⟨

text \<open>Gaussian elimination: eliminate one coordinate by a vector with nonzero entry there,
  approximate a relation among the remaining (still rational) vectors, and solve for the
  eliminated coefficient, which is then a rational combination of the other coefficients.\<close>
lemma rational_relation_approx:
  fixes v :: "'i \<Rightarrow> real^'n"
  assumes "finite I" and "\<forall>i\<in>I. \<forall>j. v i $ j \<in> \<rat>" and "(\<Sum>i\<in>I. l i *\<^sub>R v i) = 0" and "\<delta> > 0"
  shows "\<exists>l'. (\<forall>i\<in>I. l' i \<in> \<rat> \<and> \<bar>l' i - l i\<bar> < \<delta>) \<and> (\<Sum>i\<in>I. l' i *\<^sub>R v i) = 0"
  using assms
proof (induction "card I" arbitrary: I v l \<delta> rule: less_induct)
  case less
  show ?case
  proof (cases "\<forall>i\<in>I. v i = 0")
    case True
    have "\<exists>q. q \<in> \<rat> \<and> l i - \<delta> < q \<and> q < l i" for i
      using Rats_dense_in_real[of "l i - \<delta>" "l i"] less.prems(4) by auto
    then obtain l' where l': "\<And>i. l' i \<in> \<rat> \<and> l i - \<delta> < l' i \<and> l' i < l i"
      by metis
    have "l' i \<in> \<rat> \<and> \<bar>l' i - l i\<bar> < \<delta>" for i
      using l'[of i] less.prems(4) by (auto simp: abs_less_iff)
    then show ?thesis
      using True by auto
  next
    case False
    then obtain i j where i: "i \<in> I" and vij: "v i $ j \<noteq> 0"
      by (metis vec_eq_iff zero_index)
    define I' where "I' = I - {i}"
    define r where "r k = v k $ j / v i $ j" for k
    define w where "w k = v k - r k *\<^sub>R v i" for k
    note elim = relation_eliminate_coordinate[where r = r and w = w, OF less.prems(1) i vij r_def w_def,
      folded I'_def]
    have r_Rats: "r k \<in> \<rat>" if "k \<in> I" for k
      using less.prems(2) that i by (simp add: r_def)
    have w_Rats: "\<forall>k\<in>I'. \<forall>j. w k $ j \<in> \<rat>"
      using less.prems(2) r_Rats i by (auto simp: w_def I'_def)
    have l_i: "l i = - (\<Sum>k\<in>I'. l k * r k)" and w_rel: "(\<Sum>k\<in>I'. l k *\<^sub>R w k) = 0"
      using elim less.prems(3) by auto
    define R where "R = (\<Sum>k\<in>I'. \<bar>r k\<bar>)"
    have "R \<ge> 0"
      by (simp add: R_def sum_nonneg)
    define \<delta>' where "\<delta>' = \<delta> / (1 + R)"
    have "\<delta>' > 0" and "\<delta>' \<le> \<delta>" and "\<delta>' * R < \<delta>"
      using \<open>R \<ge> 0\<close> less.prems(4) by (auto simp: \<delta>'_def field_simps)
    have "card I' < card I"
      unfolding I'_def using less.prems(1) i by (rule card_Diff1_less)
    then obtain l' where l': "\<forall>k\<in>I'. l' k \<in> \<rat> \<and> \<bar>l' k - l k\<bar> < \<delta>'"
      and l'_rel: "(\<Sum>k\<in>I'. l' k *\<^sub>R w k) = 0"
      using less.hyps less.prems(1) w_Rats w_rel \<open>\<delta>' > 0\<close> unfolding I'_def by blast
    define l'' where "l'' = l'(i := - (\<Sum>k\<in>I'. l' k * r k))"
    have l''_eq: "(\<Sum>k\<in>I'. l'' k * g k) = (\<Sum>k\<in>I'. l' k * g k)" for g
      by (rule sum.cong) (auto simp: l''_def I'_def)
    have l''_eq': "(\<Sum>k\<in>I'. l'' k *\<^sub>R w k) = (\<Sum>k\<in>I'. l' k *\<^sub>R w k)"
      by (rule sum.cong) (auto simp: l''_def I'_def)
    have "\<bar>l'' i - l i\<bar> = \<bar>\<Sum>k\<in>I'. (l k - l' k) * r k\<bar>"
      by (simp add: l''_def l_i left_diff_distrib sum_subtractf)
    also have "\<dots> \<le> (\<Sum>k\<in>I'. \<delta>' * \<bar>r k\<bar>)"
      by (rule order.trans[OF sum_abs sum_mono])
        (use l' in \<open>auto simp: abs_mult abs_minus_commute intro!: mult_right_mono\<close>)
    also have "\<dots> < \<delta>"
      using \<open>\<delta>' * R < \<delta>\<close> by (simp add: R_def sum_distrib_left)
    finally have "\<bar>l'' i - l i\<bar> < \<delta>" .
    moreover have "l'' i \<in> \<rat>"
      using l' r_Rats by (auto simp: l''_def I'_def intro!: Rats_sum Rats_mult)
    moreover have "(\<Sum>k\<in>I. l'' k *\<^sub>R v k) = 0"
      using elim l''_eq l''_eq' l'_rel by (simp add: l''_def)
    moreover have "l'' k \<in> \<rat> \<and> \<bar>l'' k - l k\<bar> < \<delta>" if "k \<in> I'" for k
      using l' \<open>\<delta>' \<le> \<delta>\<close> that by (fastforce simp: l''_def I'_def)
    ultimately show ?thesis
      by (intro exI[of _ l'']) (auto simp: I'_def)
  qed
qed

⟩

- _Your instructions_
Nothing in the data may differ; print all of it exactly as written.

- _Solution to the problem_
text \<open>Gaussian elimination: eliminate one coordinate by a vector with nonzero entry there,
  approximate a relation among the remaining (still rational) vectors, and solve for the
  eliminated coefficient, which is then a rational combination of the other coefficients.\<close>
lemma rational_relation_approx:
  fixes v :: "'i \<Rightarrow> real^'n"
  assumes "finite I" and "\<forall>i\<in>I. \<forall>j. v i $ j \<in> \<rat>" and "(\<Sum>i\<in>I. l i *\<^sub>R v i) = 0" and "\<delta> > 0"
  shows "\<exists>l'. (\<forall>i\<in>I. l' i \<in> \<rat> \<and> \<bar>l' i - l i\<bar> < \<delta>) \<and> (\<Sum>i\<in>I. l' i *\<^sub>R v i) = 0"
  using assms
proof (induction "card I" arbitrary: I v l \<delta> rule: less_induct)
  case less
  show ?case
  proof (cases "\<forall>i\<in>I. v i = 0")
    case True
    have "\<exists>q. q \<in> \<rat> \<and> l i - \<delta> < q \<and> q < l i" for i
      using Rats_dense_in_real[of "l i - \<delta>" "l i"] less.prems(4) by auto
    then obtain l' where l': "\<And>i. l' i \<in> \<rat> \<and> l i - \<delta> < l' i \<and> l' i < l i"
      by metis
    have "l' i \<in> \<rat> \<and> \<bar>l' i - l i\<bar> < \<delta>" for i
      using l'[of i] less.prems(4) by (auto simp: abs_less_iff)
    then show ?thesis
      using True by auto
  next
    case False
    then obtain i j where i: "i \<in> I" and vij: "v i $ j \<noteq> 0"
      by (metis vec_eq_iff zero_index)
    define I' where "I' = I - {i}"
    define r where "r k = v k $ j / v i $ j" for k
    define w where "w k = v k - r k *\<^sub>R v i" for k
    note elim = relation_eliminate_coordinate[where r = r and w = w, OF less.prems(1) i vij r_def w_def,
      folded I'_def]
    have r_Rats: "r k \<in> \<rat>" if "k \<in> I" for k
      using less.prems(2) that i by (simp add: r_def)
    have w_Rats: "\<forall>k\<in>I'. \<forall>j. w k $ j \<in> \<rat>"
      using less.prems(2) r_Rats i by (auto simp: w_def I'_def)
    have l_i: "l i = - (\<Sum>k\<in>I'. l k * r k)" and w_rel: "(\<Sum>k\<in>I'. l k *\<^sub>R w k) = 0"
      using elim less.prems(3) by auto
    define R where "R = (\<Sum>k\<in>I'. \<bar>r k\<bar>)"
    have "R \<ge> 0"
      by (simp add: R_def sum_nonneg)
    define \<delta>' where "\<delta>' = \<delta> / (1 + R)"
    have "\<delta>' > 0" and "\<delta>' \<le> \<delta>" and "\<delta>' * R < \<delta>"
      using \<open>R \<ge> 0\<close> less.prems(4) by (auto simp: \<delta>'_def field_simps)
    have "card I' < card I"
      unfolding I'_def using less.prems(1) i by (rule card_Diff1_less)
    then obtain l' where l': "\<forall>k\<in>I'. l' k \<in> \<rat> \<and> \<bar>l' k - l k\<bar> < \<delta>'"
      and l'_rel: "(\<Sum>k\<in>I'. l' k *\<^sub>R w k) = 0"
      using less.hyps less.prems(1) w_Rats w_rel \<open>\<delta>' > 0\<close> unfolding I'_def by blast
    define l'' where "l'' = l'(i := - (\<Sum>k\<in>I'. l' k * r k))"
    have l''_eq: "(\<Sum>k\<in>I'. l'' k * g k) = (\<Sum>k\<in>I'. l' k * g k)" for g
      by (rule sum.cong) (auto simp: l''_def I'_def)
    have l''_eq': "(\<Sum>k\<in>I'. l'' k *\<^sub>R w k) = (\<Sum>k\<in>I'. l' k *\<^sub>R w k)"
      by (rule sum.cong) (auto simp: l''_def I'_def)
    have "\<bar>l'' i - l i\<bar> = \<bar>\<Sum>k\<in>I'. (l k - l' k) * r k\<bar>"
      by (simp add: l''_def l_i left_diff_distrib sum_subtractf)
    also have "\<dots> \<le> (\<Sum>k\<in>I'. \<delta>' * \<bar>r k\<bar>)"
      by (rule order.trans[OF sum_abs sum_mono])
        (use l' in \<open>auto simp: abs_mult abs_minus_commute intro!: mult_right_mono\<close>)
    also have "\<dots> < \<delta>"
      using \<open>\<delta>' * R < \<delta>\<close> by (simp add: R_def sum_distrib_left)
    finally have "\<bar>l'' i - l i\<bar> < \<delta>" .
    moreover have "l'' i \<in> \<rat>"
      using l' r_Rats by (auto simp: l''_def I'_def intro!: Rats_sum Rats_mult)
    moreover have "(\<Sum>k\<in>I. l'' k *\<^sub>R v k) = 0"
      using elim l''_eq l''_eq' l'_rel by (simp add: l''_def)
    moreover have "l'' k \<in> \<rat> \<and> \<bar>l'' k - l k\<bar> < \<delta>" if "k \<in> I'" for k
      using l' \<open>\<delta>' \<le> \<delta>\<close> that by (fastforce simp: l''_def I'_def)
    ultimately show ?thesis
      by (intro exI[of _ l'']) (auto simp: I'_def)
  qed
qed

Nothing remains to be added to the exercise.